§ INSTRUCTIONS FOR THE TASK: Each line of the records that holds "using" should be shown in full.

- Opening Delimiter -

lemma sum_log_cutoff_step_bound_le:
  assumes "1 \<le> K" "K < L" "finite P"
  shows "(\<Sum>p\<in>P. log_cutoff_step_bound K L (lat_radius p)) \<le> 12 * (harm L - harm K + 2) / (harm L - harm K)\<^sup>2"
proof -
  let ?H = "harm L - harm K :: real"
  have H: "?H > 0" using harm_strict_mono[OF assms(2)] by simp
  have "(\<Sum>p\<in>P. log_cutoff_step_bound K L (lat_radius p))
      \<le> (\<Sum>k\<in>{K..L+1}. (8 * real k + 4) * log_cutoff_step_bound K L k)"
    using assms(3) by (intro sum_lat_radius_le_shells) (auto simp: log_cutoff_step_bound_def)
  also have "\<dots> \<le> (\<Sum>k\<in>{K..L+1}. 12 / ?H\<^sup>2 * (1 / real k))"
  proof (rule sum_mono)
    fix k assume "k \<in> {K..L+1}"
    then have k: "real k \<ge> 1" "K \<le> k \<and> k \<le> L + 1" using assms(1) by auto
    have "(8 * real k + 4) * log_cutoff_step_bound K L k = (8 * real k + 4) / (real k)\<^sup>2 / ?H\<^sup>2"
      using k unfolding log_cutoff_step_bound_def by (simp add: power2_eq_square field_simps)
    also have "(8 * real k + 4) / (real k)\<^sup>2 \<le> 12 / real k"
      using k by (simp add: power2_eq_square field_simps)
    then have "(8 * real k + 4) / (real k)\<^sup>2 / ?H\<^sup>2 \<le> 12 / real k / ?H\<^sup>2"
      using H by (intro divide_right_mono) auto
    finally show "(8 * real k + 4) * log_cutoff_step_bound K L k \<le> 12 / ?H\<^sup>2 * (1 / real k)"
      by (simp add: mult.commute)
  qed
  also have "\<dots> = 12 / ?H\<^sup>2 * (\<Sum>k\<in>{K..L+1}. 1 / real k)"
    by (rule sum_distrib_left[symmetric])
  also have "(\<Sum>k\<in>{K..L+1}. 1 / real k) = harm (L + 1) - harm (K - 1)"
    using harm_diff_eq_sum[of "K - 1" "L + 1"] assms(1,2) by simp
  also have "12 / ?H\<^sup>2 * (harm (L + 1) - harm (K - 1)) \<le> 12 / ?H\<^sup>2 * (?H + 2)"
  proof -
    have "harm (L + 1) = harm L + inverse (real (Suc L) :: real)" "harm K = harm (K - 1) + inverse (real K :: real)"
      using harm_Suc[of L] harm_Suc[of "K - 1"] assms(1) by simp_all
    moreover have "inverse (real (Suc L)) \<le> (1::real)" "inverse (real K) \<le> (1::real)"
      using assms(1) by (simp_all add: inverse_le_1_iff)
    ultimately show ?thesis using H by (intro mult_left_mono) auto
  qed
  finally show ?thesis by simp
qed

- Closing Delimiter -

§ YOUR SOLUTION:
  have H: "?H > 0" using harm_strict_mono[OF assms(2)] by simp
    using assms(3) by (intro sum_lat_radius_le_shells) (auto simp: log_cutoff_step_bound_def)
    then have k: "real k \<ge> 1" "K \<le> k \<and> k \<le> L + 1" using assms(1) by auto
      using k unfolding log_cutoff_step_bound_def by (simp add: power2_eq_square field_simps)
      using k by (simp add: power2_eq_square field_simps)
      using H by (intro divide_right_mono) auto
    using harm_diff_eq_sum[of "K - 1" "L + 1"] assms(1,2) by simp
      using harm_Suc[of L] harm_Suc[of "K - 1"] assms(1) by simp_all
      using assms(1) by (simp_all add: inverse_le_1_iff)
    ultimately show ?thesis using H by (intro mult_left_mono) auto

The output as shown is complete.